WTF God?!? Seriously. That's exactly where I'm at right now. I'm out of patience, out of ideas, and frankly, out of "give a shit".
I'm stressed. Tired. Frustrated. On a permanent PMS trip. Annoyed. Irritated. And done.
I've HAD it with my kids. With the disrespect. With the backtalk. With the defiance. With doing it ALONE. You know, last time I checked, I didn't create these 2 boys by myself. Yet, amazingly, I'm raising them completely on my own. So that brings me to the question -
Where the FUCK are their fathers, and WHY aren't they helping?!?!
Oh that's right... because they are losers, deadbeats, and worthless excuses for human beings who have never taken reponsibility for anything a day in their lives. Pathetic.
I am sick of being the only responsible one. Of doing everything all the time. Of never getting to do what I want because I'm the only one here to do what my boys need. I'm tired of all responsibility and no freedom.
I am tired of working 50 hours a week with a boss who drives me INSANE just to make ends meet. Of constantly sacrificing and going without so that they can have what they want. Oh, and the next time I spend 3 hours at Chuck E Cheese and then immediately afterwards get told by my 5 year old "You never do anything for us" I SWEAR I am going to slap someone.

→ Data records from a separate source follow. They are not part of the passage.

(* Let $\wp\colon\tilde X\to X$ be a $G$-admissible $2$-cover of connected graphs, where $G\leq\mathrm{Aut}\,X$ is vertex-transitive and edge-transitive. Then $\wp$ is $G$-split with a sectional complement if and only if $\wp$ is the canonical double cover. (Equivalently, if $\wp$ is $G$-split, then it is split-transitive relative to $G$ if and only if $\wp$ is not the canonical double cover.)
   Context: Graphs are finite and simple; maps are composed on the right. A regular covering projection $\wp\colon\tilde X\to X$ is a surjective graph homomorphism, locally bijective on neighbourhoods, such that the group $\mathrm{CT}(\wp)$ of covering transformations (automorphisms $c$ of $\tilde X$ with $c\wp=\wp$) acts regularly on each fibre; a $2$-cover has $\mathrm{CT}(\wp)\cong\mathbb{Z}_2$. A lift of $g\in\mathrm{Aut}\,X$ is $\tilde g\in\mathrm{Aut}\,\tilde X$ with $\wp g=\tilde g\wp$; $\wp$ is $G$-admissible if every $g\in G$ has a lift, and then the lifted group $\tilde G$ is the group of all such lifts. $\wp$ is $G$-split if $\mathrm{CT}(\wp)$ has a complement in $\tilde G$. A section is a vertex set of $\tilde X$ meeting each fibre in exactly one vertex; a complement is sectional if it leaves some section invariant and transitive if it is transitive on $V(\tilde X)$; $\wp$ is split-transitive relative to $G$ if it is $G$-split and all complements of $\mathrm{CT}(\wp)$ in $\tilde G$ are transitive. The canonical double cover of $X$ is the $2$-cover obtained as the derived graph of the constant voltage assignment $\zeta(x)=1$ for all arcs $x$ (vertex set $V(X)\times\mathbb{Z}_2$, $(u,i)\sim(v,i+1)$ whenever $u\sim v$, projection $(u,i)\mapsto u$); "$\wp$ is the canonical double cover" means $\wp$ is isomorphic to this projection (via an isomorphism of covering graphs commuting with the projections). *)

theory Defs
  imports Main
begin
lemma HX_base_change_proper:
  assumes r: "continuous_map X B1 r" and f0: "continuous_map B1 B2 f0"
    and proper: "\<forall>K. compactin B2 K \<longrightarrow> compactin B1 {b \<in> topspace B1. f0 b \<in> K}"
  shows "HX X (\<lambda>x. f0 (r x)) B2 \<subseteq> HX X r B1"
proof (rule HX_subsetI)
  show "continuous_map X B2 (\<lambda>x. f0 (r x))"
    using continuous_map_compose[OF r f0] by (simp add: o_def)
  fix u v assume u: "u \<in> Cb X" and v: "v \<in> C0 B2"
  have "(\<lambda>x. u x * v (f0 (r x))) = (\<lambda>x. u x * pullback B1 f0 v (r x))"
  proof
    show "u x * v (f0 (r x)) = u x * pullback B1 f0 v (r x)" for x
      by (cases "x \<in> topspace X")
        (simp_all add: Cb_outside[OF u] continuous_map_in_topspace[OF r] pullback_def)
  qed
  then show "(\<lambda>x. u x * v (f0 (r x))) \<in> HX X r B1"
    using HX_product[OF u C0_pullback_proper[OF v f0 proper] r] by simp
qed

lemma C0_base_change_approx:
  assumes u: "u \<in> Cb X" and v: "v \<in> C0 B1" and "\<delta> > 0"
    and r: "continuous_map X B1 r" and f0: "continuous_map B1 B2 f0"
    and "Hausdorff_space B2" "locally_compact_space B2"
  obtains u' w where "u' \<in> Cb X" "w \<in> C0 B2"
    "\<And>x. x \<in> topspace X \<Longrightarrow> norm (u x * v (r x) - u' x * w (f0 (r x))) < \<delta>"
proof -
  obtain M where M: "M > 0" "\<And>x. norm (u x) \<le> M"
    using Cb_boundedE[OF u] by metis
  define K where "K = {b \<in> topspace B1. \<delta> / M \<le> norm (v b)}"
  have "compactin B2 (f0 ` K)"
    unfolding K_def using C0_compactin[OF v] \<open>\<delta> > 0\<close> M(1) by (intro image_compactin[OF _ f0]) simp
  \<comment> \<open>Off \<open>K\<close> the product is already below \<open>\<delta>\<close>; on \<open>K\<close> the factor \<open>1 - w\<close> vanishes.\<close>
  then obtain w where w: "w \<in> C0 B2" "\<And>b. b \<in> f0 ` K \<Longrightarrow> w b = 1" "\<And>b. norm (1 - w b) \<le> 1"
    using C0_Urysohn assms(6,7) by metis
  define u' where "u' = (\<lambda>x. u x * pullback X r v x)"
  have "norm (u x * v (r x) - u' x * w (f0 (r x))) < \<delta>" if x: "x \<in> topspace X" for x
  proof -
    have eq: "u x * v (r x) - u' x * w (f0 (r x)) = u x * v (r x) * (1 - w (f0 (r x)))"
      using x by (simp add: u'_def pullback_def algebra_simps)
    show ?thesis
    proof (cases "r x \<in> K")
      case True
      then show ?thesis
        using eq w(2) \<open>\<delta> > 0\<close> by simp
    next
      case False
      then have small: "norm (v (r x)) < \<delta> / M"
        using continuous_map_in_topspace[OF r x] by (auto simp: K_def)
      have "norm (u x * v (r x) * (1 - w (f0 (r x)))) \<le> M * norm (v (r x)) * 1"
        unfolding norm_mult using M w(3) by (intro mult_mono) auto
      also have "\<dots> < M * (\<delta> / M)"
        by (simp only: mult_1_right) (rule mult_strict_left_mono[OF small M(1)])
      finally show ?thesis
        using eq M(1) by simp
    qed
  qed
  moreover have "u' \<in> Cb X"
    unfolding u'_def using Cb_mult[OF u Cb_pullback[OF set_mp[OF C0_subset_Cb v] r]] .
  ultimately show thesis
    using that w(1) by blast
qed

I am so completely tired of nothing I do ever being good enough. Especially for my family. I am 25 years old. At what point do they stop judging and start accepting?

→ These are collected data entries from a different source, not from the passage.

(* Let $h$ be the state on $U_n^{nc}$ defined below. For all $r$ (even) and all $1\le i_1,j_1,\dots,i_r,j_r\le n$, $$h(u_{i_1j_1}u^*_{i_2j_2}u_{i_3j_3}u^*_{i_4j_4}\cdots u_{i_{r-1}j_{r-1}}u^*_{i_rj_r})=\tfrac1n\,\delta_{i_1i_2}\delta_{j_2j_3}\delta_{i_3i_4}\cdots\delta_{i_{r-1}i_r}\delta_{j_rj_1},$$ $$h(u^*_{i_1j_1}u_{i_2j_2}u^*_{i_3j_3}u_{i_4j_4}\cdots u^*_{i_{r-1}j_{r-1}}u_{i_rj_r})=\tfrac1n\,\delta_{j_1j_2}\delta_{i_2i_3}\delta_{j_3j_4}\cdots\delta_{j_{r-1}j_r}\delta_{i_ri_1}.$$
   Context: $U_n^{nc}$ is the universal unital $*$-algebra generated by $u_{ij}$ ($1\le i,j\le n$) with $\sum_ku_{ki}^*u_{kj}=\delta_{ij}=\sum_ku_{ik}u_{jk}^*$. Let $H=\ell^2(\mathbb Z)\otimes\bigotimes_{k\in\mathbb Z}M_n(\mathbb C)$, where $M_n(\mathbb C)$ is a Hilbert space with inner product $\langle A,B\rangle=\mathrm{Tr}(A^*B)/n$ and the infinite tensor product is taken with respect to the reference vector $I_n$ (only finitely many factors differ from $I_n$); $(\delta_k)$ is the standard basis of $\ell^2(\mathbb Z)$ and $E_{ij}$ the matrix units. Define bounded operators $U_{ij}$ on $H$ by $U_{ij}(\delta_k\otimes(\cdots\otimes M_{k-1}\otimes M_k\otimes M_{k+1}\otimes\cdots))=\delta_{k+1}\otimes(\cdots\otimes M_{k-1}\otimes E_{ji}M_k\otimes M_{k+1}\otimes\cdots)$ (the factor at position $k$ is multiplied), so that $U_{ij}^*(\delta_k\otimes(\cdots\otimes M_{k-1}\otimes\cdots))=\delta_{k-1}\otimes(\cdots\otimes E_{ij}M_{k-1}\otimes M_k\otimes\cdots)$. These satisfy the defining relations of $U_n^{nc}$, so there is a unital $*$-homomorphism $j:U_n^{nc}\to B(H)$, $j(u_{ij})=U_{ij}$. With $\Omega=\delta_0\otimes\bigotimes_kI_n$, define $h(a)=\langle\Omega,j(a)\Omega\rangle$. *)

theory Defs
  imports Complex_Main "Jordan_Normal_Form.Matrix"
begin

text \<open>Generators of U_n^nc and their adjoints: a letter (s, i, j) stands for
  u_ij if s = False and for u_ij^* if s = True (indices 1..n).
  A monomial is a list of letters, read left to right as a product.\<close>
type_synonym letter = "bool \<times> nat \<times> nat"

definition matunit :: "nat \<Rightarrow> nat \<Rightarrow> nat \<Rightarrow> complex mat" where
  "matunit n i j = mat n n (\<lambda>(a, b). if a = i - 1 \<and> b = j - 1 then 1 else 0)"

definition mat_inner :: "nat \<Rightarrow> complex mat \<Rightarrow> complex mat \<Rightarrow> complex" where
  "mat_inner n A B = (\<Sum>a<n. \<Sum>b<n. cnj (A $$ (a, b)) * B $$ (a, b)) / of_nat n"

text \<open>Elementary tensors delta_k (x) (x)_l M_l of H, with M_l = I_n for all but
  finitely many l.\<close>
type_synonym etensor = "int \<times> (int \<Rightarrow> complex mat)"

Oh yea, probably never. Hasn't happened yet. Graduating as valedictorian didn't do it. Getting my college degree while raising 2 boys and bartending at night didn't do it. Moving 1000 miles from home to get away from an abusive relationship and becoming competely self sufficient didn't do it.
So, just out of curiousity, what the FUCK will?!?
All I'm looking for here is a little direction. A little help. A little encouragement. And a little bit of a break.
They say that God will meet you where you are. Well, HERE I AM. And guess what? God isn't showing up. At least not in any tangible way that gives me any clue where he is or what I'm supposed to do.
I know that there is a God. I also know that he is big enough to handle my anger. And trust me, I'm angry. Seriously pissed off. So I hope he's ready to take it.
I'm tired of being alone. Tired of being single. Tired of raising kids by myself. Tired of being exhausted all the time. Tired of putting my dreams on hold. Tired of waiting.
It's not fair. And I'm mad.
I know I'm being selfish. I know I'm being immature. And I know I'm being ridiculous. But I just needed to get it out.
So now I'm going to go directly to time out and pull myself together. And tomorrow will be another day. Hopefully a better one. And one without any temper tantrums - at least on my part.